Lines in the records below that contain the word "lemma" must each be copied.

═══

(* Let $\vec{S}$ be a signed digraph on $n$ vertices with no self-loops and no dual edges, and suppose $\vec{S}$ is cycle-disjoint. For $k=3,\ldots,n$ let $c_k^+$ (resp. $c_k^-$) be the number of positive (resp. negative) cycles of length $k$ in $\vec{S}$, and let $n_{\textrm{cyc}}=\sum_{k} k\,(c_k^+ + c_k^-)$ be the number of vertices lying on a cycle. Then the eigenvalue spectrum (as a multiset) of the adjacency matrix $\mathbf{A}$ of $\vec{S}$ consists of the eigenvalue $0$ with multiplicity $n-n_{\textrm{cyc}}$, together with the union, over $k=3,\ldots,n$, of $c_k^+$ copies of the $k$-th roots of unity and $c_k^-$ copies of the $k$-th roots of $-1$.
   Context: A signed digraph is a directed graph on vertex set $\{v_1,\ldots,v_n\}$ in which each edge $v_i\to v_j$ carries a sign $\sigma_{ij}\in\{-1,+1\}$. Its adjacency matrix $\mathbf{A}=(a_{ij})$ has $a_{ij}=\sigma_{ij}$ if $v_i\to v_j$ is an edge and $a_{ij}=0$ otherwise. No self-loops means $v_i\to v_i$ is never an edge; no dual edges means that if $v_i\to v_j$ is an edge then $v_j\to v_i$ is not. A cycle of length $k$ is a directed path of length $k$ from a vertex back to itself that visits no vertex twice (other than start/end), respecting edge directions; it is positive (negative) if the product of the signs of its edges is $+1$ ($-1$). $\vec{S}$ is cycle-disjoint if every vertex lies on at most one cycle. *)

theory Defs
  imports "Jordan_Normal_Form.Char_Poly" "HOL-Computational_Algebra.Polynomial"
begin

text \<open>A signed digraph on vertices 0..n-1 is given by its adjacency matrix A (an n x n
  integer matrix with entries in {-1,0,1}); v_i -> v_j is an edge iff A(i,j) is nonzero,
  and then its sign is A(i,j).\<close>

definition signed_adj :: "nat \<Rightarrow> int mat \<Rightarrow> bool" where
  "signed_adj n A \<longleftrightarrow> A \<in> carrier_mat n n \<and>
     (\<forall>i<n. \<forall>j<n. A $$ (i,j) \<in> {-1, 0, 1})"

definition is_edge :: "int mat \<Rightarrow> nat \<Rightarrow> nat \<Rightarrow> bool" where
  "is_edge A i j \<longleftrightarrow> A $$ (i,j) \<noteq> 0"

definition no_self_loops :: "nat \<Rightarrow> int mat \<Rightarrow> bool" where
  "no_self_loops n A \<longleftrightarrow> (\<forall>i<n. \<not> is_edge A i i)"

definition no_dual_edges :: "nat \<Rightarrow> int mat \<Rightarrow> bool" where
  "no_dual_edges n A \<longleftrightarrow> (\<forall>i<n. \<forall>j<n. is_edge A i j \<longrightarrow> \<not> is_edge A j i)"

definition cycle_list :: "nat \<Rightarrow> int mat \<Rightarrow> nat list \<Rightarrow> bool" where
  "cycle_list n A xs \<longleftrightarrow> xs \<noteq> [] \<and> distinct xs \<and> set xs \<subseteq> {..<n} \<and>
     (\<forall>i<length xs. is_edge A (xs ! i) (xs ! ((i + 1) mod length xs)))"

definition cycle_edges :: "nat list \<Rightarrow> (nat \<times> nat) set" where
  "cycle_edges xs = {(xs ! i, xs ! ((i + 1) mod length xs)) | i. i < length xs}"

text \<open>A cycle is identified with its edge set (this identifies the rotations of a vertex list).\<close>

definition cycles :: "nat \<Rightarrow> int mat \<Rightarrow> (nat \<times> nat) set set" where
  "cycles n A = {cycle_edges xs | xs. cycle_list n A xs}"

definition cycle_vertices :: "(nat \<times> nat) set \<Rightarrow> nat set" where
  "cycle_vertices C = fst ` C"

definition cycle_sign :: "int mat \<Rightarrow> (nat \<times> nat) set \<Rightarrow> int" where
  "cycle_sign A C = (\<Prod>e\<in>C. A $$ e)"

definition cycles_of_len :: "nat \<Rightarrow> int mat \<Rightarrow> nat \<Rightarrow> int \<Rightarrow> (nat \<times> nat) set set" where
  "cycles_of_len n A k s = {C \<in> cycles n A. card C = k \<and> cycle_sign A C = s}"

definition cpos :: "nat \<Rightarrow> int mat \<Rightarrow> nat \<Rightarrow> nat" where
  "cpos n A k = card (cycles_of_len n A k 1)"

definition cneg :: "nat \<Rightarrow> int mat \<Rightarrow> nat \<Rightarrow> nat" where
  "cneg n A k = card (cycles_of_len n A k (-1))"

definition cycle_disjoint :: "nat \<Rightarrow> int mat \<Rightarrow> bool" where
  "cycle_disjoint n A \<longleftrightarrow>
     (\<forall>v<n. \<forall>C1\<in>cycles n A. \<forall>C2\<in>cycles n A.
        v \<in> cycle_vertices C1 \<longrightarrow> v \<in> cycle_vertices C2 \<longrightarrow> C1 = C2)"

definition spectrum_mset :: "int mat \<Rightarrow> complex multiset" where
  "spectrum_mset A = proots (char_poly (map_mat complex_of_int A))"

definition roots_of_unity :: "nat \<Rightarrow> complex multiset" where
  "roots_of_unity k = proots (monom 1 k - 1)"

definition roots_of_minus_one :: "nat \<Rightarrow> complex multiset" where
  "roots_of_minus_one k = proots (monom 1 k + 1)"

end

theory Submission
  imports Defs "HOL-Combinatorics.Cycles"
begin

text \<open>In the Leibniz expansion of det (X I - A) a permutation p contributes only if every point
  it moves goes along an edge i \<rightarrow> p i. Then every nontrivial orbit of p is a cycle of the
  digraph, and since the cycles are vertex-disjoint these permutations correspond exactly to the
  sets T of cycles. The term of T is X^(n - |V(T)|) times the product of -sign C over C \<in> T: the
  sign (-1)^(|C|-1) of a |C|-cycle cancels against the factor (-1)^|C| coming from the
  off-diagonal entries -a_ij of X I - A. Summing over all T, the characteristic polynomial factors
  as X^(n - n_cyc) times the product of X^|C| - sign C over all cycles C.\<close>

section \<open>Cyclic permutations\<close>

lemma sign_cycle_of_list:
  "distinct xs \<Longrightarrow> xs \<noteq> [] \<Longrightarrow> sign (cycle_of_list xs) = (-1::int) ^ (length xs - 1)"
proof (induction xs rule: cycle_of_list.induct)
  case (1 i j cs)
  have "sign (cycle_of_list (i # j # cs)) = sign (transpose i j \<circ> cycle_of_list (j # cs))"
    by (simp only: cycle_of_list.simps)
  also have "\<dots> = sign (transpose i j) * sign (cycle_of_list (j # cs))"
    by (rule sign_compose[OF permutation_swap_id permutation_of_cycle])
  also have "\<dots> = - ((-1) ^ length cs)"
    using 1 by (simp add: sign_swap_id)
  finally show ?case
    by (simp del: cycle_of_list.simps)
qed simp_all

lemma cycle_of_list_nth:
  assumes "distinct xs" and "j < length xs"
  shows "cycle_of_list xs (xs ! j) = xs ! (Suc j mod length xs)"
proof -
  have "map (cycle_of_list xs) xs = rotate 1 xs"
    using cyclic_rotation[OF assms(1), of 1] by simp
  then have "cycle_of_list xs (xs ! j) = rotate 1 xs ! j"
    using assms(2) by (metis nth_map)
  then show ?thesis
    using assms(2) by (simp add: nth_rotate1)
qed

lemma support_nth_Suc_mod:
  assumes "permutation p" and "j < length (support p i)"
  shows "support p i ! (Suc j mod length (support p i)) = p (support p i ! j)"
proof (cases "Suc j < length (support p i)")
  case False
  then have L: "least_power p i = Suc j"
    using assms(2) by simp
  then have wrap: "Suc j mod length (support p i) = 0"
    by simp
  have "p ((p ^^ j) i) = i"
    using least_power_of_permutation(1)[OF assms(1), of i] L by simp
  moreover have "support p i ! 0 = i" and "support p i ! j = (p ^^ j) i"
    using assms(2) by auto
  ultimately show ?thesis
    by (simp only: wrap)
qed (use assms(2) in simp)

lemma edge_in_cycle_edges_support:
  assumes "permutation p" and "p i \<noteq> i"
  shows "(i, p i) \<in> cycle_edges (support p i)"
proof -
  have "length (support p i) > 1"
    using least_power_gt_one[OF assms] by simp
  then have "(support p i ! 0, support p i ! (Suc 0 mod length (support p i)))
      \<in> cycle_edges (support p i)"
    unfolding cycle_edges_def by (intro CollectI exI[of _ 0]) simp
  then show ?thesis
    using support_nth_Suc_mod[OF assms(1), of 0 i] \<open>length (support p i) > 1\<close> by simp
qed

lemma Suc_mod_closed_eq_lessThan:
  fixes L :: nat
  assumes "a \<in> I" and "I \<subseteq> {..<L}" and "\<And>j. j \<in> I \<Longrightarrow> Suc j mod L \<in> I"
  shows "I = {..<L}"
proof
  have "a < L"
    using assms(1,2) by auto
  have reach: "(a + m) mod L \<in> I" for m
  proof (induction m)
    case 0
    show ?case using assms(1) \<open>a < L\<close> by simp
  next
    case (Suc m)
    then have "Suc ((a + m) mod L) mod L \<in> I"
      by (rule assms(3))
    then show ?case
      by (simp add: mod_Suc_eq)
  qed
  show "{..<L} \<subseteq> I"
  proof
    fix b assume "b \<in> {..<L}"
    then have "(a + (b + L - a)) mod L = b"
      using \<open>a < L\<close> by simp
    then show "b \<in> I"
      using reach by metis
  qed
qed (rule assms(2))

═══

◆ Exercise result ◆
lemma sign_cycle_of_list:
lemma cycle_of_list_nth:
lemma support_nth_Suc_mod:
lemma edge_in_cycle_edges_support:
lemma Suc_mod_closed_eq_lessThan:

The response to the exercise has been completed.